Summing Up
Basic conclusions that can be drawn from responses to this month's column are that it may or may not be useful to try to legislate accounting transparency. But such efforts address symptoms, not causes, of behaviors leading to purposely misleading financial reporting. As Scott Green puts it, "We cannot look at investor losses as the only benchmark to evaluate the costs of Sarbanes-Oxley. One must also consider the cost of capital if confidence in the markets does not return…Unfortunately, you cannot legislate morality..." This theme was picked up by Richard Eckel, who wrote, "... legislative and regulatory response treats the symptoms (means) rather than the disease (motivation). Transparency is only as successful as the least creative obscurantist." He recommends, among other things, prohibiting "by regulation public equity trading by corporate insiders of the insider's equity..."
Several respondents suggested the need for a careful approach to the issue of greater transparency. E. Smith asked, "Do investors care about immaterial smoothing [of earnings]? I do not believe so. It is when ... earnings management leads an investor to misunderstand the health of the company that makes this wrong." Ruth Sager suggests that the current reactions to misleading financial reporting could potentially go too far. As she says, "Fashion in any field is like that. It goes to a ridiculous extreme before becoming more practical. Legislation is therefore a problematic way to achieve the golden mean in normative behavior."
Edward Hare agrees, pointing out that "Corporate governance is a system that continues to fail us ... and joins the ranks of education, mutual funds, and healthcare ... Are ethics, integrity, and self-interest the common denominators to them all?"
Echoing his point of view, does our current approach to greater accounting transparency through legislation and regulation attack the symptoms and not the disease? If so, is this a reflection of the worth of attacking even symptoms in order to restore credibility to financial markets? And if not through legislation and regulation, how then do we address the disease rather than the symptoms? What do you think?
Original Article
The collapse of companies like Enron and WorldCom cost investors tens of billions of dollars. But that amount may be dwarfed by the cost of conforming to new laws driven by those corporate scandals--laws that are intended to protect investors. It prompts a question: Is the cost of accounting transparency worth it to investors?
At issue are various provisions of the Sarbanes-Oxley Act of 2002, including its Section 404, which will become common knowledge from Wall Street to Main Street, as well as rules promulgated by the Financial Accounting Standards Board (FASB) in recent years. This is not an issue of interest only to those of us in the U.S., as suggested by a number of investigations and recommended guidelines being put forth in several member countries of the E.U. in response to accounting improprieties at Ahold and other European companies.
Among other things, Sarbanes-Oxley seeks more independent directors on boards and in key board committee positions. It discourages companies from buying auditing and particularly large amounts of consulting services from the same supplier. And now, by means of Section 404, it will: (1 require senior executives to certify that their companies have financial controls that work, and (2 give external auditors the added task of evaluating and reporting on not only a company's numbers but also the systems that produce the numbers. Finally, public accountants will have to evaluate the work of the boards' audit committees that hired them. The bill for the additional external auditors and significant investment in hardware and software for new control systems is estimated to double. If not offset by improved productivity and lower costs, it will result in a hit to the earnings of all publicly owned organizations.

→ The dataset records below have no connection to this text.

(* Let $k$ be a positive integer. If $H$ is a thickened $4k$-path, then $\mathrm{ecrw}(H)\ge k$.
   Context: A thickened $n$-path is the graph obtained from the path on $n$ vertices by replacing each edge by $n$ internally vertex-disjoint paths of length two; explicitly, vertices $u_1,\dots,u_n$ and $v_{i,j}$ ($i\in[n-1]$, $j\in[n]$), with edges $u_iv_{i,j}$ and $u_{i+1}v_{i,j}$. A tree-cut decomposition of a graph $G$ is a pair $\mathcal{T}=(T,\{X_t\}_{t\in V(T)})$ where $T$ is a tree and the bags $X_t\subseteq V(G)$ are pairwise disjoint (possibly empty) with $\bigcup_{t\in V(T)}X_t=V(G)$. For a node $t$ of $T$, let $T_1,\dots,T_m$ be the connected components of $T-t$ and $Z_i=\bigcup_{s\in V(T_i)}X_s$; $\mathrm{cross}_{\mathcal{T}}(t)$ is the number of edges of $G$ whose two endpoints lie in two distinct sets among $Z_1,\dots,Z_m$ (if $T$ has one node, $\mathrm{cross}_{\mathcal T}(t)=0$). The crossing number of $\mathcal{T}$ is $\max_{t}\mathrm{cross}_{\mathcal{T}}(t)$, and the thickness of $\mathcal{T}$ is $\max_t|X_t|$. The edge-crossing width of $\mathcal T$ is the maximum of its crossing number and its thickness, and $\mathrm{ecrw}(G)$ is the minimum edge-crossing width over all tree-cut decompositions of $G$. *)

theory Defs
  imports Main
begin

definition simple_graph :: "'a set \<Rightarrow> 'a set set \<Rightarrow> bool" where
  "simple_graph V E \<longleftrightarrow> finite V \<and> (\<forall>e\<in>E. \<exists>x y. x \<in> V \<and> y \<in> V \<and> x \<noteq> y \<and> e = {x, y})"
lemma null_subset_sets_F:
  assumes "0 \<le> t" "A \<in> null_sets M" "B \<subseteq> A"
  shows "B \<in> sets (F t)"
proof -
  have "B \<in> null_sets M"
    using null_subset_sets[OF assms(2,3)] assms(2,3) null_sets_subset by blast
  then have "B \<in> sets (F 0)"
    using usual_filtrationD(5)[OF usual_filtration] by blast
  then show ?thesis using sets_F_mono[of 0 t] assms(1) by simp
qed

lemma measurable_F_imp_measurable:
  fixes f :: "'a \<Rightarrow> real"
  shows "0 \<le> t \<Longrightarrow> f \<in> borel_measurable (F t) \<Longrightarrow> f \<in> borel_measurable M"
  by (rule measurable_from_subalg[OF subalgebra_F])

lemma measurable_F_mono:
  fixes f :: "'a \<Rightarrow> real"
  assumes "0 \<le> s" "s \<le> t" "f \<in> borel_measurable (F s)"
  shows "f \<in> borel_measurable (F t)"
proof (rule measurableI)
  have sp: "space (F s) = space (F t)" using assms(1,2) by (simp add: space_F)
  fix A :: "real set" assume "A \<in> sets borel"
  then have "f -` A \<inter> space (F s) \<in> sets (F s)" by (rule measurable_sets[OF assms(3)])
  then show "f -` A \<inter> space (F t) \<in> sets (F t)" unfolding sp by (rule sets_F_mono[OF assms(1,2)])
qed simp

lemma sigma_finite_subalgebra_F: "0 \<le> t \<Longrightarrow> sigma_finite_subalgebra M (F t)"
  by (rule finite_measure_subalgebra_is_sigma_finite)
     (simp add: finite_measure_subalgebra_def finite_measure_subalgebra_axioms_def subalgebra_F
       finite_measure_axioms)

lemma borel_measurable_F_AE_eq:
  fixes f g :: "'a \<Rightarrow> real"
  shows "0 \<le> t \<Longrightarrow> AE \<omega> in M. f \<omega> = g \<omega> \<Longrightarrow> g \<in> borel_measurable (F t) \<Longrightarrow> f \<in> borel_measurable (F t)"
  by (rule borel_measurable_AE_eq_complete) (auto simp: space_F intro: null_subset_sets_F)

lemma borel_measurable_AE_eq:
  fixes f g :: "'a \<Rightarrow> real"
  shows "AE \<omega> in M. f \<omega> = g \<omega> \<Longrightarrow> g \<in> borel_measurable M \<Longrightarrow> f \<in> borel_measurable M"
  by (rule borel_measurable_AE_eq_complete) (auto intro: null_subset_sets)

lemma borel_measurable_AE_limit:
  fixes X :: "nat \<Rightarrow> 'a \<Rightarrow> real"
  assumes "\<And>k. X k \<in> borel_measurable M" "AE \<omega> in M. (\<lambda>k. X k \<omega>) \<longlonglongrightarrow> L \<omega>"
  shows "L \<in> borel_measurable M"
proof (rule borel_measurable_AE_eq)
  show "(\<lambda>\<omega>. lim (\<lambda>k. X k \<omega>)) \<in> borel_measurable M" using assms(1) by measurable
  show "AE \<omega> in M. L \<omega> = lim (\<lambda>k. X k \<omega>)"
    using assms(2) by eventually_elim (simp add: limI)
qed

lemma sets_F_AE_eq:
  assumes t: "0 \<le> t" and A: "A \<in> sets (F t)" and C: "C \<subseteq> space M"
    and ae: "AE \<omega> in M. \<omega> \<in> C \<longleftrightarrow> \<omega> \<in> A"
  shows "C \<in> sets (F t)"
proof -
  have "(indicator A :: 'a \<Rightarrow> real) \<in> borel_measurable (F t)" using A by simp
  moreover have "AE \<omega> in M. indicator C \<omega> = (indicator A \<omega> :: real)"
    using ae by eventually_elim (simp add: indicator_def)
  ultimately have "(indicator C :: 'a \<Rightarrow> real) \<in> borel_measurable (F t)"
    using borel_measurable_F_AE_eq[OF t] by blast
  then have "C \<inter> space (F t) \<in> sets (F t)" unfolding borel_measurable_indicator_iff .
  then show ?thesis using C space_F[OF t] by (simp add: Int_absorb2)
qed

lemma martingale_set_integral_eq:
  assumes mart: "martingale M F X" and st: "0 \<le> s" "s \<le> t" and A: "A \<in> sets (F s)"
  shows "(\<integral>\<omega>. indicator A \<omega> * X t \<omega> \<partial>M) = (\<integral>\<omega>. indicator A \<omega> * X s \<omega> \<partial>M)"
proof -
  interpret S: sigma_finite_subalgebra M "F s" by (rule sigma_finite_subalgebra_F[OF st(1)])
  have Xt: "integrable M (X t)" using mart st by (simp add: martingale_integrable)
  have Xs: "X s \<in> borel_measurable M"
    using measurable_F_imp_measurable[OF st(1) martingale_measurable[OF mart st(1)]] .
  have ae: "AE \<omega> in M. real_cond_exp M (F s) (X t) \<omega> = X s \<omega>"
    using mart st unfolding martingale_def by blast
  have "(\<integral>\<omega>\<in>A. X t \<omega> \<partial>M) = (\<integral>\<omega>\<in>A. real_cond_exp M (F s) (X t) \<omega> \<partial>M)"
    by (rule S.real_cond_exp_intA[OF Xt A])
  also have "\<dots> = (\<integral>\<omega>\<in>A. X s \<omega> \<partial>M)"
    unfolding set_lebesgue_integral_def using ae Xs sets_F_subset[OF st(1) A]
    by (intro integral_cong_AE) (auto simp: borel_measurable_cond_exp2)
  finally show ?thesis by (simp add: set_lebesgue_integral_def)
qed

lemma martingale_at_simple_time:
  assumes mart: "martingale M F X" and J: "finite J"
    and r: "\<And>j. j \<in> J \<Longrightarrow> 0 \<le> r j \<and> r j \<le> u"
    and idx: "\<And>\<omega>. \<omega> \<in> space M \<Longrightarrow> idx \<omega> \<in> J"
    and C: "\<And>j. j \<in> J \<Longrightarrow> C \<inter> {\<omega>\<in>space M. idx \<omega> = j} \<in> sets (F (r j))"
  shows "integrable M (\<lambda>\<omega>. indicator C \<omega> * X (r (idx \<omega>)) \<omega>)"
    and "(\<integral>\<omega>. indicator C \<omega> * X (r (idx \<omega>)) \<omega> \<partial>M) = (\<integral>\<omega>. indicator C \<omega> * X u \<omega> \<partial>M)"
proof -
  define E where "E j = C \<inter> {\<omega>\<in>space M. idx \<omega> = j}" for j
  obtain \<omega>0 where "\<omega>0 \<in> space M" using not_empty by blast
  then have u: "0 \<le> u" using r[OF idx] by (meson order_trans)
  have E: "E j \<in> sets M" if "j \<in> J" for j using sets_F_subset C[OF that] r[OF that] by (auto simp: E_def)
  have split: "indicator C \<omega> * Y (idx \<omega>) = (\<Sum>j\<in>J. indicator (E j) \<omega> * Y j)"
    if "\<omega> \<in> space M" for \<omega> and Y :: "'b \<Rightarrow> real"
  proof -
    have "(\<Sum>j\<in>J. indicator (E j) \<omega> * Y j) = (\<Sum>j\<in>J. if j = idx \<omega> then indicator C \<omega> * Y j else 0)"
      using that by (intro sum.cong) (auto simp: E_def indicator_def)
    then show ?thesis using idx[OF that] J by simp
  qed
  have split_r: "indicator C \<omega> * X (r (idx \<omega>)) \<omega> = (\<Sum>j\<in>J. indicator (E j) \<omega> * X (r j) \<omega>)"
    and split_u: "indicator C \<omega> * X u \<omega> = (\<Sum>j\<in>J. indicator (E j) \<omega> * X u \<omega>)"
    if "\<omega> \<in> space M" for \<omega>
    using split[OF that, of "\<lambda>j. X (r j) \<omega>"] split[OF that, of "\<lambda>j. X u \<omega>"] by simp_all
  have iE: "integrable M (\<lambda>\<omega>. indicator (E j) \<omega> * X s \<omega>)" if "j \<in> J" "0 \<le> s" for j s
    using integrable_mult_indicator[OF E[OF that(1)] martingale_integrable[OF mart that(2)]] by simp
  have "integrable M (\<lambda>\<omega>. \<Sum>j\<in>J. indicator (E j) \<omega> * X (r j) \<omega>)"
    using iE r by (intro Bochner_Integration.integrable_sum) auto
  moreover have "integrable M (\<lambda>\<omega>. indicator C \<omega> * X (r (idx \<omega>)) \<omega>)
      \<longleftrightarrow> integrable M (\<lambda>\<omega>. \<Sum>j\<in>J. indicator (E j) \<omega> * X (r j) \<omega>)"
    using split_r by (intro Bochner_Integration.integrable_cong[OF refl]) auto
  ultimately show "integrable M (\<lambda>\<omega>. indicator C \<omega> * X (r (idx \<omega>)) \<omega>)" by simp
  have "(\<integral>\<omega>. indicator C \<omega> * X (r (idx \<omega>)) \<omega> \<partial>M) = (\<integral>\<omega>. (\<Sum>j\<in>J. indicator (E j) \<omega> * X (r j) \<omega>) \<partial>M)"
    using split_r by (intro Bochner_Integration.integral_cong) auto
  also have "\<dots> = (\<Sum>j\<in>J. \<integral>\<omega>. indicator (E j) \<omega> * X (r j) \<omega> \<partial>M)"
    using iE r by (intro Bochner_Integration.integral_sum) auto
  also have "\<dots> = (\<Sum>j\<in>J. \<integral>\<omega>. indicator (E j) \<omega> * X u \<omega> \<partial>M)"
    using r C by (intro sum.cong martingale_set_integral_eq[OF mart, symmetric]) (auto simp: E_def)
  also have "\<dots> = (\<integral>\<omega>. (\<Sum>j\<in>J. indicator (E j) \<omega> * X u \<omega>) \<partial>M)"
    using iE u by (intro Bochner_Integration.integral_sum[symmetric]) auto
  also have "\<dots> = (\<integral>\<omega>. indicator C \<omega> * X u \<omega> \<partial>M)"
    using split_u by (intro Bochner_Integration.integral_cong) auto
  finally show "(\<integral>\<omega>. indicator C \<omega> * X (r (idx \<omega>)) \<omega> \<partial>M) = (\<integral>\<omega>. indicator C \<omega> * X u \<omega> \<partial>M)" .
qed
lemma cdim_T_space: "cdim (T_space m n a) = (m - 3) * (n - 3)"
proof -
  have "cdim (T_space m n a) = card ({2..m - 2} \<times> {2..n - 2})"
    unfolding T_space_eq
  proof (rule cdim_cspan_if_pivots[where pr = "\<lambda>(i, j). i + 1" and pc = "\<lambda>(i, j). j - 2" and key = snd])
    fix x y
    assume x: "x \<in> {2..m - 2} \<times> {2..n - 2}" and y: "y \<in> {2..m - 2} \<times> {2..n - 2}" and "y \<noteq> x"
      and nz: "(case y of (i, j) \<Rightarrow> T_gen a i j) (case x of (i, j) \<Rightarrow> i + 1) (case x of (i, j) \<Rightarrow> j - 2) \<noteq> 0"
    obtain i j i' j' where "x = (i, j)" "y = (i', j')"
      by force
    then have "T_gen a i' j' (i + 1) (j - 2) \<noteq> 0"
      using nz by simp
    then have "(i + 1, j - 2) \<in> {(i' - 2, j' + 1), (i' - 1, j'), (i', j' - 1), (i' + 1, j' - 2)}"
      by (rule T_gen_support)
    then show "snd y < snd x"
      using x y \<open>y \<noteq> x\<close> \<open>x = (i, j)\<close> \<open>y = (i', j')\<close> by auto
  qed (use T_gen_pivot in \<open>auto simp: case_prod_beta\<close>)
  then show ?thesis
    by simp
qed

lemma S_gen_1_1_notin_T_space:
  assumes "a \<noteq> 2"
  shows "S_gen a 1 1 \<notin> T_space m n a"
proof
  assume "S_gen a 1 1 \<in> T_space m n a"
  then have "antidiag_pairing (\<lambda>t. (- 1) ^ t) 2 (S_gen a 1 1) = 0"
    by (intro T_space_annihilated) simp_all
  moreover have "antidiag_pairing (\<lambda>t. (- 1) ^ t) 2 (S_gen a 1 1) = of_real (2 - a)"
    by (simp add: antidiag_pairing_S_gen)
  ultimately have "complex_of_real (2 - a) = 0"
    by simp
  then have "2 - a = 0"
    by (simp only: of_real_eq_0_iff)
  with assms show False
    by simp
qed

lemma schmidt_rank_S_gen_1_1:
  assumes "2 \<le> \<bar>a\<bar>" "3 \<le> m" "3 \<le> n"
  shows "schmidt_rank m n (S_gen a 1 1) = 3"
proof (rule antisym)
  show "schmidt_rank m n (S_gen a 1 1) \<le> 3"
    by (rule schmidt_rank_le_rows) (use S_gen_support in fastforce)
  have "S_gen a 1 1 \<in> S_space m n a"
    using assms by (intro S_gen_in_S_space) simp_all
  moreover have "S_gen a 1 1 \<noteq> 0"
    by (auto simp: S_gen_def ket_def tscale_def fun_eq_iff)
  ultimately show "3 \<le> schmidt_rank m n (S_gen a 1 1)"
    using schmidt_rank_S_space_gt_2[OF assms(1)] by fastforce
qed

theorem theorem5p8:
  fixes m n :: nat and a :: real
  assumes "min m n \<ge> 4"
  shows "T_space m n a \<subseteq> S_space m n a
    \<and> (\<bar>a\<bar> \<ge> 2 \<longrightarrow>
           (\<forall>psi \<in> S_space m n a. psi \<noteq> 0 \<longrightarrow> \<not> schmidt_rank m n psi \<le> 2)
           \<and> cdim (S_space m n a) = (m - 2) * (n - 2))
    \<and> (a > 4 \<longrightarrow>
           (\<forall>psi \<in> T_space m n a. psi \<noteq> 0 \<longrightarrow> \<not> schmidt_rank m n psi \<le> 3)
           \<and> cdim (T_space m n a) = (m - 3) * (n - 3))
    \<and> (a > 4 \<longrightarrow>
           (\<exists>psi \<in> S_space m n a - T_space m n a. schmidt_rank m n psi = 3))"
proof (intro conjI impI)
  show "T_space m n a \<subseteq> S_space m n a"
    by (rule T_space_subset_S_space)
  show "\<forall>psi \<in> S_space m n a. psi \<noteq> 0 \<longrightarrow> \<not> schmidt_rank m n psi \<le> 2" if "2 \<le> \<bar>a\<bar>"
    using schmidt_rank_S_space_gt_2[OF that] by (simp add: not_le)
  show "\<forall>psi \<in> T_space m n a. psi \<noteq> 0 \<longrightarrow> \<not> schmidt_rank m n psi \<le> 3" if "4 < a"
    using schmidt_rank_T_space_gt_3[of a] that by (simp add: not_le)
  show "\<exists>psi \<in> S_space m n a - T_space m n a. schmidt_rank m n psi = 3" if "4 < a"
  proof
    have "3 \<le> m" "3 \<le> n" "2 \<le> \<bar>a\<bar>" "a \<noteq> 2"
      using assms that by auto
    then show "S_gen a 1 1 \<in> S_space m n a - T_space m n a"
      by (intro DiffI S_gen_in_S_space S_gen_1_1_notin_T_space) simp_all
    show "schmidt_rank m n (S_gen a 1 1) = 3"
      using schmidt_rank_S_gen_1_1 \<open>3 \<le> m\<close> \<open>3 \<le> n\<close> \<open>2 \<le> \<bar>a\<bar>\<close> by blast
  qed
qed (simp_all add: cdim_S_space cdim_T_space)
(* w diagonalises the Gram matrix of the columns of psi; for w = (cnj z, 1) the off-diagonal
   entry is a quadratic polynomial in z. *)
lemma exists_unit_gram_diagonalizing:
  "\<exists>w. cinner w w = 1 \<and> cinner (contract_right \<psi> w) (contract_right \<psi> (perp w)) = 0"
proof -
  define col where "col = (\<lambda>j i. \<psi> (i, j))"
  define p where "p = cinner (col False) (col False)"
  define q where "q = cinner (col False) (col True)"
  define r where "r = cinner (col True) (col True)"
  have gram: "cinner (contract_right \<psi> w) (contract_right \<psi> (perp w)) =
      q * (cnj (w False))\<^sup>2 + (r - p) * cnj (w False) * cnj (w True) - cnj q * (cnj (w True))\<^sup>2"
    for w
    by (simp add: p_def q_def r_def col_def cinner_bool contract_right_def perp_def sum_UNIV_bool
        algebra_simps power2_eq_square)
  have "\<exists>w. w \<noteq> (\<lambda>i. 0) \<and> cinner (contract_right \<psi> w) (contract_right \<psi> (perp w)) = 0"
  proof (cases "q = 0")
    case True
    then show ?thesis
      by (intro exI[of _ "\<lambda>i. if i then 0 else 1"]) (auto simp: gram fun_eq_iff)
  next
    case False
    then obtain z where "q * z\<^sup>2 + (r - p) * z - cnj q = 0"
      using complex_quadratic_has_root[of q "r - p" "- cnj q"] by auto
    then show ?thesis
      by (intro exI[of _ "\<lambda>i. if i then 1 else cnj z"]) (auto simp: gram fun_eq_iff)
  qed
  then obtain w where w: "w \<noteq> (\<lambda>i. 0)" "cinner (contract_right \<psi> w) (contract_right \<psi> (perp w)) = 0"
    by blast
  obtain c where "cinner (\<lambda>i. of_real c * w i) (\<lambda>i. of_real c * w i) = 1"
    using exists_unit_multiple[OF w(1)] by blast
  moreover have "cinner (contract_right \<psi> (\<lambda>i. of_real c * w i))
      (contract_right \<psi> (perp (\<lambda>i. of_real c * w i))) = 0"
    using w(2) by (simp only: perp_scale contract_right_scale cinner_scale_left cinner_scale_right) simp
  ultimately show ?thesis by blast
qed
locale dys_iteration =
  fixes F H :: "'a::euclidean_space \<Rightarrow> real"
    and gradF gradH :: "'a \<Rightarrow> 'a"
    and G :: "'a \<Rightarrow> ereal"
    and L \<beta> l \<gamma> :: real
    and x y z :: "nat \<Rightarrow> 'a"
  assumes F_grad: "\<And>u. GDERIV F u :> gradF u"
    and F_lip: "L-lipschitz_on UNIV gradF"
    and G_proper: "proper_fun G"
    and H_grad: "\<And>u. GDERIV H u :> gradH u"
    and H_lip: "\<beta>-lipschitz_on UNIV gradH"
    and weak_cvx: "convex_on UNIV (\<lambda>u. F u + l/2 * (norm u)\<^sup>2)"
    and gamma_pos: "\<gamma> > 0"
    and Lambda_pos: "Lambda L l \<beta> \<gamma> > 0"
    and y_step: "\<And>t. y (Suc t) \<in> argmin_set (\<lambda>v. F v + 1/(2*\<gamma>) * (norm (v - x t))\<^sup>2)"
    and z_step: "\<And>t. z (Suc t) \<in> argmin_set (\<lambda>w. G w + ereal (1/(2*\<gamma>) *
                   (norm (w - (2 *\<^sub>R y (Suc t) - \<gamma> *\<^sub>R gradH (y (Suc t)) - x t)))\<^sup>2))"
    and x_step: "\<And>t. x (Suc t) = x t + (z (Suc t) - y (Suc t))"
begin

lemma x_eq_resolvent: "x t = y (Suc t) + \<gamma> *\<^sub>R gradF (y (Suc t))"
  by (rule prox_argmin_gradient_eq[OF F_grad gamma_pos y_step])

lemma step_size_lt: "\<gamma> * (L + \<beta>) < 1"
  using Lambda_pos_imp_step_size_lt[OF gamma_pos lipschitz_on_nonneg[OF F_lip]
      lipschitz_on_nonneg[OF H_lip]
      weak_convexity_modulus_ge_neg_lipschitz[OF F_grad weak_cvx F_lip] Lambda_pos] .

definition Gz :: "nat \<Rightarrow> real" where
  "Gz t = real_of_ereal (G (z (Suc t)))"

lemma G_z_eq: "G (z (Suc t)) = ereal (Gz t)"
proof -
  obtain w where w: "G w \<noteq> \<infinity>" using G_proper unfolding proper_fun_def by auto
  have "G (z (Suc t)) \<noteq> \<infinity>"
  proof
    assume "G (z (Suc t)) = \<infinity>"
    moreover have "G (z (Suc t)) + ereal (1/(2*\<gamma>) *
          (norm (z (Suc t) - (2 *\<^sub>R y (Suc t) - \<gamma> *\<^sub>R gradH (y (Suc t)) - x t)))\<^sup>2)
        \<le> G w + ereal (1/(2*\<gamma>) * (norm (w - (2 *\<^sub>R y (Suc t) - \<gamma> *\<^sub>R gradH (y (Suc t)) - x t)))\<^sup>2)"
      using z_step[of t] unfolding argmin_set_def by blast
    ultimately show False using w by (cases "G w") auto
  qed
  moreover have "G (z (Suc t)) \<noteq> -\<infinity>" using G_proper unfolding proper_fun_def by auto
  ultimately show ?thesis unfolding Gz_def by (cases "G (z (Suc t))") auto
qed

Investors will face challenges as a result of guidelines recently issued by the FASB, as well. Foremost among these are efforts to encourage more aggressive write-offs of so-called non-performing assets, such as retail stores still in operation but performing below a certain level, as well as the creation of reserves against earnings that are much more accurate and timely than in the past. As a result of these guidelines, write-offs are more frequent, at times becoming a quarterly feature of a company's earnings. Reserves are created closer to an adverse event at a time when the cost of the event may be better known. One result has been greater volatility in earnings. In short, gone are the days when various accounting practices led to earnings "management" or "smoothing," whether or not such practices resulted in more stable stock prices.
Responses such as these to recent corporate scandals prompt several questions: Are these and perhaps other "cures" worth the cost to investors? Is it possible to have too much accounting transparency? What do you think?